··· Records for this exercise
text \<open>The set \<open>\<pi> j y\<close> is the union of the images of a cut of \<open>A i\<close> without supremum, so it lies
  strictly above the images of the points of the cut and strictly below those of all other points.\<close>

lemma canon_map_cross:
  assumes ij: "i < j" and j: "enat j < \<alpha>" and x: "x \<in> A i" and y: "y \<in> A j"
  shows "(x, y) \<in> S i j \<Longrightarrow> \<pi> i x \<subset> \<pi> j y" and "(x, y) \<notin> S i j \<Longrightarrow> \<pi> j y \<subset> \<pi> i x"
proof -
  have i: "enat i < \<alpha>" using enat_less_le_trans[OF j] ij by simp
  have sh: "shuffling (A i) (L i) (A j) (L j) (S i j)" using shuffling[OF ij j] .
  note cut = lin_ord[OF i] canon_map_strict_mono[OF i] shuffling_initial[OF sh y] shuffling_no_sup[OF sh y]
  show "\<pi> i x \<subset> \<pi> j y" if "(x, y) \<in> S i j"
    using image_cut_psubset_Union[where f = "\<pi> i", OF cut] canon_map_Union[OF ij j y] that
    unfolding sec_left_def by simp
  show "\<pi> j y \<subset> \<pi> i x" if "(x, y) \<notin> S i j"
    using Union_cut_psubset_image[where f = "\<pi> i", OF cut] canon_map_Union[OF ij j y] that x
    unfolding sec_left_def by simp
qed

lemma canon_map_psubset_of_shuffle_less:
  assumes p: "(i, x) \<in> Sigma levels A" and q: "(j, y) \<in> Sigma levels A" and less: "shuffle_less L S (i, x) (j, y)"
  shows "\<pi> i x \<subset> \<pi> j y"
proof -
  consider "i < j" | "i = j" | "j < i" by fastforce
  then show ?thesis
  proof cases
    case 1 then show ?thesis using canon_map_cross(1)[OF 1] p q less by simp
  next
    case 2 then show ?thesis using canon_map_strict_mono p q less by simp
  next
    case 3 then show ?thesis using canon_map_cross(2)[OF 3] p q less by simp
  qed
qed

lemma shuffle_less_total:
  assumes p: "(i, x) \<in> Sigma levels A" and q: "(j, y) \<in> Sigma levels A" and ne: "(i, x) \<noteq> (j, y)"
  shows "shuffle_less L S (i, x) (j, y) \<or> shuffle_less L S (j, y) (i, x)"
  using lin_ord_cases[OF lin_ord] p q ne by (cases i j rule: linorder_cases) auto

lemma canon_map_psubset_iff:
  assumes p: "(i, x) \<in> Sigma levels A" and q: "(j, y) \<in> Sigma levels A"
  shows "\<pi> i x \<subset> \<pi> j y \<longleftrightarrow> shuffle_less L S (i, x) (j, y)"
  using canon_map_psubset_of_shuffle_less[OF p q] canon_map_psubset_of_shuffle_less[OF q p]
    shuffle_less_total[OF p q] by blast

lemma canon_map_eq_iff:
  assumes p: "(i, x) \<in> Sigma levels A" and q: "(j, y) \<in> Sigma levels A"
  shows "\<pi> i x = \<pi> j y \<longleftrightarrow> (i, x) = (j, y)"
  using canon_map_psubset_of_shuffle_less[OF p q] canon_map_psubset_of_shuffle_less[OF q p]
    shuffle_less_total[OF p q] by blast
······
• _Task requirements_
Filter the data above, keeping only lines that include the string "Sigma".

• _Output for this task_
  assumes p: "(i, x) \<in> Sigma levels A" and q: "(j, y) \<in> Sigma levels A" and less: "shuffle_less L S (i, x) (j, y)"
  assumes p: "(i, x) \<in> Sigma levels A" and q: "(j, y) \<in> Sigma levels A" and ne: "(i, x) \<noteq> (j, y)"
  assumes p: "(i, x) \<in> Sigma levels A" and q: "(j, y) \<in> Sigma levels A"
  assumes p: "(i, x) \<in> Sigma levels A" and q: "(j, y) \<in> Sigma levels A"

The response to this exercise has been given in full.